Three senior Goldman Sachs Private Wealth Management advisers left the bank earlier this month to form an independent San Francisco boutique, Seven Post Investment Office LP.

Ali Bastani, who spent 13 years at Goldman Sachs, 26-year veteran Eldridge El Gray, and Charles Wyman, 15 years in the brokerage industry, started the new firm on September 2, according to records filed with the Financial Industry Regulatory Authority and the Securities and Exchange Commission.

The Seven Post advisers declined to be interviewed, though Bastani, Gray and Wyman announced their moves to the new firm on their LinkedIn pages.

One rival wealth manager who knows Bastani said the trio were among one of the New York investment bank's largest annual revenue producers.

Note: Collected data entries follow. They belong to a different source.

section \<open>Optimality of the least-squares measurement\<close>

text \<open>With \<open>v = T u\<close> and \<open>w = \<psi>\<^sup>* v\<close>, Cauchy-Schwarz for the form of \<open>T\<close> applied to \<open>u\<close> and
  \<open>\<psi> w\<close> gives \<open>|w|\<^sup>4 \<le> (u\<^sup>* T u) (a |w|\<^sup>2)\<close>.\<close>

lemma sesq_gram_le_scaled:
  assumes S: "psd n S" and T: "T \<in> carrier_mat n n" and TS: "T * S = 1\<^sub>m n"
    and \<psi>: "\<psi> \<in> carrier_mat n r"
    and compress: "mat_adjoint \<psi> * T * \<psi> = of_real a \<cdot>\<^sub>m 1\<^sub>m r" and a: "0 \<le> a"
    and v: "v \<in> carrier_vec n"
  shows "Re (sesq (\<psi> * mat_adjoint \<psi>) v v) \<le> a * Re (sesq S v v)"
proof -
  have Sc: "S \<in> carrier_mat n n" using psd_carrier[OF S] .
  have ST: "S * T = 1\<^sub>m n" and Tpsd: "psd n T" using psd_inverse[OF S T TS] by auto
  have \<psi>a: "mat_adjoint \<psi> \<in> carrier_mat r n" using \<psi> by simp
  define u where "u = S *\<^sub>v v"
  define w where "w = mat_adjoint \<psi> *\<^sub>v v"
  define y where "y = \<psi> *\<^sub>v w"
  define W where "W = Re (w \<bullet>c w)"
  have u: "u \<in> carrier_vec n" unfolding u_def using Sc v by (rule mult_mat_vec_carrier)
  have w: "w \<in> carrier_vec r" unfolding w_def using \<psi>a v by (rule mult_mat_vec_carrier)
  have y: "y \<in> carrier_vec n" unfolding y_def using \<psi> w by (rule mult_mat_vec_carrier)
  have vu: "v = T *\<^sub>v u"
    using Sc T v TS by (metis assoc_mult_mat_vec one_mult_mat_vec u_def)
  have Ww: "w \<bullet>c w = of_real W" using cscalar_prod_self_real(2) by (simp add: W_def)
  have uy: "sesq T u y = w \<bullet>c w"
    using cscalar_prod_mat_adjoint[OF \<psi>a v w] by (simp add: sesq_def y_def vu[symmetric] w_def)
  have "sesq (1\<^sub>m r) w w = w \<bullet>c w" using w by (simp add: sesq_def)
  then have yy: "sesq T y y = of_real a * (w \<bullet>c w)"
    using sesq_mult_vec_congruence[OF T \<psi> w] w by (simp add: y_def compress sesq_smult_mat[of _ r])
  have "W * W \<le> Re (sesq T u u) * (a * W)"
    using psd_cauchy_schwarz[OF Tpsd u y] uy yy Ww by (simp add: power2_eq_square)
  then have "W \<le> a * Re (sesq T u u)"
    using psd_sesq_nonneg[OF Tpsd u] a cscalar_prod_self_real(1)[of w]
    by (cases "W = 0") (auto simp: W_def mult_ac mult_le_cancel_left_pos)
  moreover have "sesq (\<psi> * mat_adjoint \<psi>) v v = w \<bullet>c w" using sesq_gram[OF \<psi> v] by (simp add: w_def)
  moreover have "sesq S v v = cnj (sesq T u u)" using sesq_left_inverse[OF T Sc ST u] by (simp add: vu)
  ultimately show ?thesis by (simp add: W_def)
qed

lemma psd_scaled_minus_gram:
  assumes S: "psd n S" and T: "T \<in> carrier_mat n n" and TS: "T * S = 1\<^sub>m n"
    and \<psi>: "\<psi> \<in> carrier_mat n r"
    and compress: "mat_adjoint \<psi> * T * \<psi> = of_real a \<cdot>\<^sub>m 1\<^sub>m r" and a: "0 \<le> a"
  shows "psd n (of_real a \<cdot>\<^sub>m S - \<psi> * mat_adjoint \<psi>)"
proof (rule psdI)
  have Sc: "S \<in> carrier_mat n n" and hS: "mat_adjoint S = S" using S by (auto simp: psd_def hermitian_def)
  have Gc: "\<psi> * mat_adjoint \<psi> \<in> carrier_mat n n" and hG: "mat_adjoint (\<psi> * mat_adjoint \<psi>) = \<psi> * mat_adjoint \<psi>"
    using psd_gram[OF \<psi>] by (auto simp: psd_def hermitian_def)
  show "of_real a \<cdot>\<^sub>m S - \<psi> * mat_adjoint \<psi> \<in> carrier_mat n n"
    using Sc Gc by (simp add: minus_carrier_mat)
  show "mat_adjoint (of_real a \<cdot>\<^sub>m S - \<psi> * mat_adjoint \<psi>) = of_real a \<cdot>\<^sub>m S - \<psi> * mat_adjoint \<psi>"
    using Sc Gc hS hG by (simp add: mat_adjoint_minus[of _ n n] mat_adjoint_smult)
  show "0 \<le> Re (sesq (of_real a \<cdot>\<^sub>m S - \<psi> * mat_adjoint \<psi>) v v)" if v: "v \<in> carrier_vec n" for v
    using sesq_gram_le_scaled[OF S T TS \<psi> compress a v] Sc Gc v
    by (simp add: sesq_minus_mat[of _ n] sesq_smult_mat[of _ n])
qed

lemma index_adjoint_mult_mult_diag:
  assumes \<psi>: "\<psi> \<in> carrier_mat n r" and T: "T \<in> carrier_mat n n" and j: "j < r"
  shows "(mat_adjoint \<psi> * T * \<psi>) $$ (j, j) = sesq T (col \<psi> j) (col \<psi> j)"
proof -
  have x: "col \<psi> j \<in> carrier_vec n" using \<psi> by auto
  have row: "row (mat_adjoint \<psi>) j = conjugate (col \<psi> j)" using \<psi> j by (intro eq_vecI) auto
  have "mat_adjoint \<psi> * T * \<psi> = mat_adjoint \<psi> * (T * \<psi>)"
    using assoc_mult_mat[OF mat_adjoint_carrier[OF \<psi>] T \<psi>] .
  also have "\<dots> $$ (j, j) = conjugate (col \<psi> j) \<bullet> (T *\<^sub>v col \<psi> j)"
    using \<psi> T j row col_mult2[OF T \<psi> j] by simp
  also have "\<dots> = sesq T (col \<psi> j) (col \<psi> j)"
    using conjugate_vec_sprod_comm[of "T *\<^sub>v col \<psi> j" n "col \<psi> j"] T x by (simp add: sesq_def)
  finally show ?thesis .
qed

They leave behind at least two members of their team -- John Underwood and Bruce Bligh, according to another wealth management executive who has worked with Goldman advisers. The San Francisco office has roughly a dozen other teams still in place.

Our office in San Francisco remains strong and is focused on serving Bay Area clients, said Goldman spokesman Steve Cohen.

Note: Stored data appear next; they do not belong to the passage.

theorem proposition5:
  fixes W :: "'i::finite \<Rightarrow> 'i \<Rightarrow> real" and q :: real and x0 :: "'i \<Rightarrow> real"
  assumes "0 < q" "q < 1"
    and "\<And>i j. 0 \<le> W i j \<and> W i j \<le> 1"
    and "\<And>i j. W i j = W j i"
  defines "Wmax \<equiv> Max (range (\<lambda>i. \<Sum>j\<in>UNIV. W i j))"
  defines "\<gamma> \<equiv> (Wmax + 1) * (q / (1 - q))"
  defines "EL \<equiv> \<lambda>M. mexp (outcome_pmf W) M"
  shows "(\<forall>k. (\<Sum>i\<in>UNIV. EL (pbga_L q) i k) = 0)
    \<and> mat_le (EL (\<lambda>\<omega>. mmult (mmult (mtrans (pbga_L q \<omega>)) ones_mat) (pbga_L q \<omega>)))
             (\<lambda>i k. \<gamma> * EL (\<lambda>\<omega> i k. pbga_L q \<omega> i k + mtrans (pbga_L q \<omega>) i k
                         - mmult (mtrans (pbga_L q \<omega>)) (pbga_L q \<omega>) i k) i k)
    \<and> (\<forall>t. measure_pmf.expectation (pbga_state W q x0 t) (\<lambda>x. (avg x - avg x0)^2)
            \<le> \<gamma> / (real CARD('i) + \<gamma>) * Var x0)"
proof -
  have \<gamma>: "\<gamma> = pbga_gamma W q"
    by (simp add: \<gamma>_def Wmax_def pbga_gamma_def max_degree_def)
  show ?thesis
    unfolding EL_def \<gamma>
    using mexp_pbga_L_column_sums[where W = W and q = q, OF assms(3,4)]
      pbga_mean_square_matrix_bound[where W = W, OF assms(1-4)]
      pbga_average_deviation[where W = W, OF assms(1-4)]
    by blast
qed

Seven Post seeks to advise clients with at least $25 million in assets, managing global multi-asset class portfolios and also engaging third-party investment managers, according to the SEC filing. The firm reported no clients or assets as of September 2.

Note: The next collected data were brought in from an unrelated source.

text \<open>Since the displacement of mass s vanishes, its mass never enters \<open>A x\<close>, so both responses
  solve the steady-state equations of one and the same chain. For that chain the problem
  \<open>A y = g e\<^sub>p\<close>, \<open>y\<^sub>s = 0\<close> has only the trivial solution: invertibility of \<open>A\<^sub>V\<close> kills the part of y
  beyond s, row s of the tridiagonal system then kills \<open>y\<^sub>s\<^sub>-\<^sub>1\<close>, and the condition
  \<open>a\<^sub>R\<^sup>T A\<^sub>R\<^sup>-\<^sup>1 D\<^sub>a \<noteq> 0\<close> forces \<open>g = 0\<close>, whence \<open>y = 0\<close>. Applied to \<open>y = f\<^sub>d' x - f\<^sub>d x'\<close> this shows
  that x' is a unimodular multiple of x, so every link elongation keeps its modulus.\<close>

lemma the_mat_inverse:
  fixes A :: "'a::field mat"
  assumes "invertible_mat A" "A \<in> carrier_mat n n"
  shows "the (mat_inverse A) \<in> carrier_mat n n" "the (mat_inverse A) * A = 1\<^sub>m n"
proof -
  obtain B where AB: "A * B = 1\<^sub>m n" and BA: "B * A = 1\<^sub>m (dim_row B)"
    using assms unfolding invertible_mat_def inverts_mat_def by auto
  have "B \<in> carrier_mat n n"
    using arg_cong[OF AB, of dim_col] arg_cong[OF BA, of dim_col] assms(2) by auto
  then have "A \<in> Units (ring_mat TYPE('a) n ())"
    unfolding Units_def ring_mat_def using assms(2) AB BA by auto
  then obtain C where "mat_inverse A = Some C"
    using mat_inverse(1)[OF assms(2), of "()"] by (cases "mat_inverse A") auto
  then show "the (mat_inverse A) \<in> carrier_mat n n" "the (mat_inverse A) * A = 1\<^sub>m n"
    using mat_inverse(2)[OF assms(2)] by auto
qed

Gray, according to FINRA BrokerCheck, commenced his Wall Street career in 1985 at Cyrus J. Lawrence, where he worked for a month. He then spent seven years at New Jersey brokerage Nagelvoort & Co and one year at Stone Securities in Boston before joining Goldman in 1994.

Wyman joined Credit Suisse First Boston in 1996, jumped to Putnam Lovell NBF in 2002 and then spent three years at independent investment bank GCA Savvian Advisors, according to his FINRA records.

It's part of a trend: advisers are breaking away from Wall Street firms to get their independence and to get away from organizations whose reputations have been tarnished during the crisis, said Sophie Schmitt, a senior analyst at research and consulting firm Aite Group.

Goldman Private Wealth Management spent several months in the spotlight earlier this year after Goldman agreed to raise $1.5 billion for social networking site Facebook through a special-purpose vehicle marketed to multimillionaire clients.

Goldman excluded U.S. clients after critics complained that the deal circumvented SEC rules, designed to promote transparency, by letting Facebook raise capital without registering as a public company.

Controversy surrounding other Goldman transactions, including its sales of mortgage derivatives in 2008 even as the firm held a negative view of U.S. housing, also dented its reputation among investors.

The private wealth unit had roughly 600 financial advisers worldwide, including 400 in 13 cities across the United States, a person familiar with the firm said. The bank plans to add 200 more advisers over the next few years in markets like Brazil, China, the Middle East and expand its U.S. presence, the person said.

Goldman does not disclose headcount, assets or financial performance for the wealth management business.

Other than the Seven Post defection, there have not been any other reported departures from Goldman this year. Recruiters say it is tough to lure brokers away from Goldman, where advisers can get access to the firm's deals, alternative investments and investment-banking clients.

Last year a trio of advisers managing $300 million left to join Credit Suisse , while four advisers with $560 million, also joined UBS last year.